→ **Aim of the exercise**: Go through the records below and report each line with "lambda" in it.

→ **Dataset content**:
(* Let $(G,\cdot)$ be a loop and $(H,\cdot)$ a non-trivial subloop. Then $(xs\cdot z)s=x(sz\cdot s)$ holds for all $x,z\in G$ and $s\in H$ if and only if $(R_s^{-1},L_sR_s,R_s)\in \mathrm{S_{1st}AUT}(G_H)$ for every $s\in H$.
   Context: Juxtaposition binds more tightly than $\cdot$. Maps are written on the right and composed left to right; $xR_s=x\cdot s$, $xL_s=s\cdot x$. $SSYM(G_H)$ is the set of bijections $A$ of $G$ with $HA=H$. $\mathrm{S_{1st}AUT}(G_H)$ is the set of triples $(U,V,W)$ with $U,V,W\in SSYM(G_H)$ and $xU\cdot yV=(x\cdot y)W$ for all $x,y\in G$. *)

theory Defs
  imports Main
begin

definition loop :: "'a set \<Rightarrow> ('a \<Rightarrow> 'a \<Rightarrow> 'a) \<Rightarrow> 'a \<Rightarrow> bool" where
  "loop G m e \<longleftrightarrow>
     e \<in> G \<and>
     (\<forall>x\<in>G. \<forall>y\<in>G. m x y \<in> G) \<and>
     (\<forall>x\<in>G. m e x = x \<and> m x e = x) \<and>
     (\<forall>a\<in>G. \<forall>b\<in>G. (\<exists>!x. x \<in> G \<and> m a x = b) \<and> (\<exists>!y. y \<in> G \<and> m y a = b))"

definition subloop :: "'a set \<Rightarrow> 'a set \<Rightarrow> ('a \<Rightarrow> 'a \<Rightarrow> 'a) \<Rightarrow> 'a \<Rightarrow> bool" where
  "subloop H G m e \<longleftrightarrow> H \<subseteq> G \<and> loop H m e"

text \<open>SSYM(G_H): bijections A of G with H A = H (maps act on the right, x A = A x).\<close>
definition SSYM :: "'a set \<Rightarrow> 'a set \<Rightarrow> ('a \<Rightarrow> 'a) set" where
  "SSYM G H = {A. bij_betw A G G \<and> A ` H = H}"

definition S1stAUT :: "'a set \<Rightarrow> 'a set \<Rightarrow> ('a \<Rightarrow> 'a \<Rightarrow> 'a)
    \<Rightarrow> (('a \<Rightarrow> 'a) \<times> ('a \<Rightarrow> 'a) \<times> ('a \<Rightarrow> 'a)) set" where
  "S1stAUT G H m = {(U, V, W). U \<in> SSYM G H \<and> V \<in> SSYM G H \<and> W \<in> SSYM G H \<and>
      (\<forall>x\<in>G. \<forall>y\<in>G. m (U x) (V y) = W (m x y))}"

definition Rt :: "('a \<Rightarrow> 'a \<Rightarrow> 'a) \<Rightarrow> 'a \<Rightarrow> 'a \<Rightarrow> 'a" where
  "Rt m s = (\<lambda>x. m x s)"

definition Lt :: "('a \<Rightarrow> 'a \<Rightarrow> 'a) \<Rightarrow> 'a \<Rightarrow> 'a \<Rightarrow> 'a" where
  "Lt m s = (\<lambda>x. m s x)"

definition Rt_inv :: "'a set \<Rightarrow> ('a \<Rightarrow> 'a \<Rightarrow> 'a) \<Rightarrow> 'a \<Rightarrow> 'a \<Rightarrow> 'a" where
  "Rt_inv G m s = the_inv_into G (Rt m s)"

end

theory Submission
  imports Defs
begin

text \<open>The equivalence holds separately for each \<open>s \<in> H\<close>: substituting \<open>x := x\<cdot>s\<close>
  turns the autotopism condition \<open>(x R\<^sub>s\<^sup>-\<^sup>1)(sz\<cdot>s) = (x\<cdot>z)s\<close> into the identity
  \<open>(xs\<cdot>z)s = x(sz\<cdot>s)\<close>, since \<open>R\<^sub>s\<close> is a bijection of \<open>G\<close>. The three maps lie in
  \<open>SSYM(G\<^sub>H)\<close> because translations by \<open>s \<in> H\<close> are bijections of both \<open>G\<close> and \<open>H\<close>.\<close>

lemma loop_closed:
  assumes "loop G m e" and "x \<in> G" and "y \<in> G"
  shows "m x y \<in> G"
proof -
  have "\<forall>x\<in>G. \<forall>y\<in>G. m x y \<in> G" using assms(1) unfolding loop_def by (elim conjE)
  then show ?thesis using assms(2,3) by blast
qed

lemma loop_right_div_unique:
  assumes "loop G m e" and "a \<in> G" and "b \<in> G"
  shows "\<exists>!y. y \<in> G \<and> m y a = b"
  using assms unfolding loop_def by simp

lemma loop_left_div_unique:
  assumes "loop G m e" and "a \<in> G" and "b \<in> G"
  shows "\<exists>!x. x \<in> G \<and> m a x = b"
  using assms unfolding loop_def by simp

lemma loop_right_cancel:
  assumes L: "loop G m e" and "a \<in> G" "x \<in> G" "y \<in> G" and "m x a = m y a"
  shows "x = y"
proof -
  have "\<exists>!z. z \<in> G \<and> m z a = m x a"
    using loop_right_div_unique[OF L \<open>a \<in> G\<close> loop_closed[OF L \<open>x \<in> G\<close> \<open>a \<in> G\<close>]] .
  then show ?thesis
    by (rule ex1E) (use \<open>x \<in> G\<close> \<open>y \<in> G\<close> \<open>m x a = m y a\<close> in metis)
qed

lemma loop_left_cancel:
  assumes L: "loop G m e" and "a \<in> G" "x \<in> G" "y \<in> G" and "m a x = m a y"
  shows "x = y"
proof -
  have "\<exists>!z. z \<in> G \<and> m a z = m a x"
    using loop_left_div_unique[OF L \<open>a \<in> G\<close> loop_closed[OF L \<open>a \<in> G\<close> \<open>x \<in> G\<close>]] .
  then show ?thesis
    by (rule ex1E) (use \<open>x \<in> G\<close> \<open>y \<in> G\<close> \<open>m a x = m a y\<close> in metis)
qed

lemma loop_Rt_bij_betw:
  assumes L: "loop G m e" and s: "s \<in> G"
  shows "bij_betw (Rt m s) G G"
proof (rule bij_betwI')
  fix x y assume "x \<in> G" "y \<in> G"
  then show "Rt m s x = Rt m s y \<longleftrightarrow> x = y"
    using loop_right_cancel[OF L s] by (auto simp: Rt_def)
next
  fix x assume "x \<in> G"
  then show "Rt m s x \<in> G" using loop_closed[OF L _ s] by (simp add: Rt_def)
next
  fix y assume "y \<in> G"
  then show "\<exists>x\<in>G. y = Rt m s x" using loop_right_div_unique[OF L s] by (metis Rt_def)
qed

lemma loop_Lt_bij_betw:
  assumes L: "loop G m e" and s: "s \<in> G"
  shows "bij_betw (Lt m s) G G"
proof (rule bij_betwI')
  fix x y assume "x \<in> G" "y \<in> G"
  then show "Lt m s x = Lt m s y \<longleftrightarrow> x = y"
    using loop_left_cancel[OF L s] by (auto simp: Lt_def)
next
  fix x assume "x \<in> G"
  then show "Lt m s x \<in> G" using loop_closed[OF L s] by (simp add: Lt_def)
next
  fix y assume "y \<in> G"
  then show "\<exists>x\<in>G. y = Lt m s x" using loop_left_div_unique[OF L s] by (metis Lt_def)
qed

lemma the_inv_into_image_invariant:
  assumes "inj_on f A" and "B \<subseteq> A" and "f ` B = B"
  shows "the_inv_into A f ` B = B"
proof -
  have "the_inv_into A f ` B = the_inv_into A f ` f ` B" using assms(3) by simp
  also have "\<dots> = (\<lambda>x. x) ` B"
    unfolding image_image using assms(1,2) by (intro image_cong) (auto simp: the_inv_into_f_f)
  finally show ?thesis by simp
qed

lemma subloop_translations_in_SSYM:
  assumes "loop G m e" and "subloop H G m e" and "s \<in> H"
  shows "Rt_inv G m s \<in> SSYM G H" and "Rt m s \<circ> Lt m s \<in> SSYM G H" and "Rt m s \<in> SSYM G H"
proof -
  have HG: "H \<subseteq> G" and loop_H: "loop H m e" using assms(2) unfolding subloop_def by simp_all
  with assms(3) have "s \<in> G" by blast
  have RG: "bij_betw (Rt m s) G G" and LG: "bij_betw (Lt m s) G G"
    using loop_Rt_bij_betw[OF assms(1) \<open>s \<in> G\<close>] loop_Lt_bij_betw[OF assms(1) \<open>s \<in> G\<close>] .
  have RH: "Rt m s ` H = H" and LH: "Lt m s ` H = H"
    using loop_Rt_bij_betw[OF loop_H assms(3)] loop_Lt_bij_betw[OF loop_H assms(3)]
    by (simp_all add: bij_betw_def)
  show "Rt m s \<in> SSYM G H" using RG RH by (simp add: SSYM_def)
  have "(Rt m s \<circ> Lt m s) ` H = H" by (simp only: image_comp[symmetric] LH RH)
  then show "Rt m s \<circ> Lt m s \<in> SSYM G H"
    using bij_betw_trans[OF LG RG] unfolding SSYM_def by blast
  have "Rt_inv G m s ` H = H"
    unfolding Rt_inv_def using the_inv_into_image_invariant[OF bij_betw_imp_inj_on[OF RG] HG RH] .
  then show "Rt_inv G m s \<in> SSYM G H"
    using bij_betw_the_inv_into[OF RG] by (simp add: SSYM_def Rt_inv_def)
qed

lemma Rt_inv_translation_S1stAUT_iff:
  assumes "loop G m e" and "subloop H G m e" and "s \<in> H"
  shows "(Rt_inv G m s, Rt m s \<circ> Lt m s, Rt m s) \<in> S1stAUT G H m \<longleftrightarrow>
    (\<forall>x\<in>G. \<forall>z\<in>G. m (m (m x s) z) s = m x (m (m s z) s))"
proof -
  have "s \<in> G" using assms(2,3) unfolding subloop_def by blast
  then have R: "bij_betw (Rt m s) G G" by (rule loop_Rt_bij_betw[OF assms(1)])
  have Rt_inv_in: "Rt_inv G m s x \<in> G" if "x \<in> G" for x
    using bij_betw_apply[OF bij_betw_the_inv_into[OF R] that] unfolding Rt_inv_def .
  have Rt_Rt_inv: "m (Rt_inv G m s x) s = x" if "x \<in> G" for x
    using f_the_inv_into_f_bij_betw[OF R that] unfolding Rt_inv_def Rt_def .
  have Rt_inv_Rt: "Rt_inv G m s (m x s) = x" if "x \<in> G" for x
    using the_inv_into_f_f[OF bij_betw_imp_inj_on[OF R] that] unfolding Rt_inv_def Rt_def .
  have "(Rt_inv G m s, Rt m s \<circ> Lt m s, Rt m s) \<in> S1stAUT G H m \<longleftrightarrow>
      (\<forall>y\<in>G. \<forall>z\<in>G. m (Rt_inv G m s y) (m (m s z) s) = m (m y z) s)"
    using subloop_translations_in_SSYM[OF assms] by (simp add: S1stAUT_def Rt_def Lt_def)
  also have "\<dots> \<longleftrightarrow> (\<forall>x\<in>G. \<forall>z\<in>G. m (m (m x s) z) s = m x (m (m s z) s))"
  proof (intro iffI ballI)
    fix x z assume aut: "\<forall>y\<in>G. \<forall>z\<in>G. m (Rt_inv G m s y) (m (m s z) s) = m (m y z) s"
      and "x \<in> G" "z \<in> G"
    then show "m (m (m x s) z) s = m x (m (m s z) s)"
      using aut[rule_format, OF loop_closed[OF assms(1) \<open>x \<in> G\<close> \<open>s \<in> G\<close>]]
      by (simp add: Rt_inv_Rt)
  next
    fix y z assume ident: "\<forall>x\<in>G. \<forall>z\<in>G. m (m (m x s) z) s = m x (m (m s z) s)"
      and "y \<in> G" "z \<in> G"
    then show "m (Rt_inv G m s y) (m (m s z) s) = m (m y z) s"
      using ident[rule_format, OF Rt_inv_in] by (simp add: Rt_Rt_inv)
  qed
  finally show ?thesis .
qed

theorem theorem3p4:
  fixes G H :: "'a set" and m :: "'a \<Rightarrow> 'a \<Rightarrow> 'a" and e :: 'a
  assumes "loop G m e"
    and "subloop H G m e"
    and "H \<noteq> {e}"
  shows "(\<forall>x\<in>G. \<forall>z\<in>G. \<forall>s\<in>H. m (m (m x s) z) s = m x (m (m s z) s))
     \<longleftrightarrow> (\<forall>s\<in>H. (Rt_inv G m s, Rt m s \<circ> Lt m s, Rt m s) \<in> S1stAUT G H m)"
  using Rt_inv_translation_S1stAUT_iff[OF assms(1,2)] by blast

end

→ **Task response**:
  "Rt m s = (\<lambda>x. m x s)"
  "Lt m s = (\<lambda>x. m s x)"
  also have "\<dots> = (\<lambda>x. x) ` B"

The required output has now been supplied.